Researchers at the University of Nottingham in the UK have even developed a deep learning algorithm that predicts death more accurately than human clinicians. The algorithm incorporates data from a huge range of factors in a chronically ill population, including how many fruits and vegetables a patient eats on a daily basis. Dr. Stephen Weng, lead author of the study, published in PLOS ONE, said in a press release, "We found machine learning algorithms were significantly more accurate in predicting death than the standard prediction models developed by a human expert."
New digital technologies are allowing patients to participate in their healthcare as never before. A feature of the new Apple Watch is an app that detects cardiac arrhythmias and even produces an electrocardiogram if an abnormality is detected. The technology, approved by the FDA, is helping cardiologists monitor heart patients and design interventions for those who may be at higher risk of a cardiac event like a stroke.
If having an algorithm predict your death sends a shiver down your spine, consider that algorithms may keep you alive longer. In 2018, technology reporter Tristan Greene wrote for Medium that "…despite the unending deluge of panic-ridden articles declaring AI the path to apocalypse, we're now living in a world where algorithms save lives every day. The future of machine learning isn't sentient killer robots. It's longer human lives."
The Risks of AI Compiling Your Data
To be sure, the advent of AI-infused medical technology is not without its risks. One risk is that the use of AI wearables constantly monitoring our vital signs could turn us into a nation of hypochondriacs, racing to our doctors every time there's a blip in some vital sign. Such a development could stress an already overburdened system that suffers from, among other things, a shortage of doctors and nurses. Another risk has to do with the privacy protections on the massive repository of intimately personal information that AI will have on us.

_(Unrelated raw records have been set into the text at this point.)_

lemma descent_exists:
  assumes "trend A S 2 < 0" and "q \<in> S"
  shows "\<exists>n r. walk 1 q 1 n r 0"
proof (rule ccontr)
  assume "\<nexists>n r. walk 1 q 1 n r 0"
  then obtain pot where pot: "\<And>s \<kappa> t. s \<in> S \<Longrightarrow> (s, \<kappa>, t) \<in> rules A \<Longrightarrow> pot t - pot s \<le> real_of_int (\<kappa> 2)"
    using potential_if_no_descent[OF \<open>q \<in> S\<close>] by blast
  have "\<And>s. s \<in> S \<Longrightarrow> \<exists>\<kappa> t. (s, \<kappa>, t) \<in> rules A"
    using out_rule_if_trend_nonzero assms(1) by force
  then have "trend A S 2 \<ge> 0" using trend_nonneg_if_potential pot by blast
  then show False using assms(1) by simp
qed

lemma descent_from_any_height:
  assumes "trend A S 2 < 0" and "q \<in> S"
  shows "\<exists>n r. walk 1 q (int k) n r 0"
  using \<open>q \<in> S\<close>
proof (induction k arbitrary: q)
  case 0
  show ?case using walk.refl[of 1 q 0] by auto
next
  case (Suc k q)
  obtain n p where p: "walk 1 q 1 n p 0" using descent_exists[OF assms(1) Suc.prems] by blast
  then have "walk (1 + int k) q (1 + int k) n p (int k)" using walk_shift[OF p, of "int k"] by simp
  then have "walk 1 q (int (Suc k)) n p (int k)" using walk_floor_mono[of _ q] by simp
  moreover obtain m r where "walk 1 p (int k) m r 0" using Suc.IH walk_in_S[OF p Suc.prems] by blast
  ultimately show ?case using walk_trans by blast
qed

lemma common_descendant:
  assumes "trend A S 2 < 0" and "q1 \<in> S" and "q2 \<in> S"
  shows "\<exists>r. (q1, r) \<in> descent\<^sup>* \<and> (q2, r) \<in> descent\<^sup>*"
proof -
  obtain c n h where "c \<le> 0" and to_q2: "walk c q1 0 n q2 h"
    using walk_from_rule_path[OF rule_path_in_S[OF assms(2,3)], of 0] by blast
  \<comment> \<open>lifting by 1 - c puts the floor at 1 and keeps the arrival height nonnegative\<close>
  have lifted: "walk 1 q1 (1 - c) n q2 (h + 1 - c)" using walk_shift[OF to_q2, of "1 - c"] by (simp add: algebra_simps)
  have "c - 1 \<le> h" using walk_final_height[OF to_q2] \<open>c \<le> 0\<close> by simp
  then obtain m r where from_q2: "walk 1 q2 (h + 1 - c) m r 0"
    using descent_from_any_height[OF assms(1,3), of "nat (h + 1 - c)"] by auto
  have "(q1, r) \<in> descent\<^sup>*"
    using descent_rtrancl_if_walk[of q1 "nat (1 - c)" "n + m" r] walk_trans[OF lifted from_q2]
      \<open>c \<le> 0\<close> assms(2) by simp
  moreover have "(q2, r) \<in> descent\<^sup>*"
    using descent_rtrancl_if_walk[of q2 "nat (h + 1 - c)" m r] from_q2 \<open>c - 1 \<le> h\<close> assms(3) by simp
  ultimately show ?thesis by blast
qed

end

theorem mainTheorem20:
  fixes A :: "'q pvass" and S :: "'q set"
  assumes "wf_pvass A" and "dim A = 2"
    and "is_bscc_CA A S"
    and "trend A S 2 < 0"
  shows "\<exists>!C. is_bscc S {(q, r). q \<in> S \<and> r \<in> S \<and> Gmat A S q r > 0} C"
proof -
  interpret pvass2_bscc A S using assms(1-3) by unfold_locales
  show ?thesis
  proof (rule ex1_is_bscc_if_common_descendants[OF finite_S S_nonempty])
    fix x y assume "x \<in> S" and "y \<in> S"
    then obtain z where "(x, z) \<in> descent\<^sup>*" and "(y, z) \<in> descent\<^sup>*"
      using common_descendant[OF assms(4)] by blast
    then show "\<exists>z. (x, z) \<in> ({(q, r). q \<in> S \<and> r \<in> S \<and> Gmat A S q r > 0} \<inter> S \<times> S)\<^sup>* \<and>
                   (y, z) \<in> ({(q, r). q \<in> S \<and> r \<in> S \<and> Gmat A S q r > 0} \<inter> S \<times> S)\<^sup>*"
      using rtrancl_mono[OF descent_subset_Gmat_pos] by blast
  qed
qed

end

In an article recently published in the Journal of the American Medical Association, Australian researcher Kit Huckvale and colleagues examined the handling of data by 36 smartphone apps that assisted people with either depression or smoking cessation, two areas that could lend themselves to stigmatization if they fell into the wrong hands.
Out of the 36 apps, 33 shared their data with third parties, despite the fact that just 25 of those apps had a privacy policy at all and out of those, only 23 stated that data would be shared with third parties. The recipients of all that data? It went almost exclusively to Facebook and Google, to be used for advertising and marketing purposes. But there's nothing to stop it from ending up in the hands of insurers, background databases, or any other entity.
Even when data isn't voluntarily shared, any digital information can be hacked. EHRs and even wearable devices share the same vulnerability as any other digital record or device. Still, the promise of AI to radically improve efficiency and accuracy in healthcare is hard to ignore.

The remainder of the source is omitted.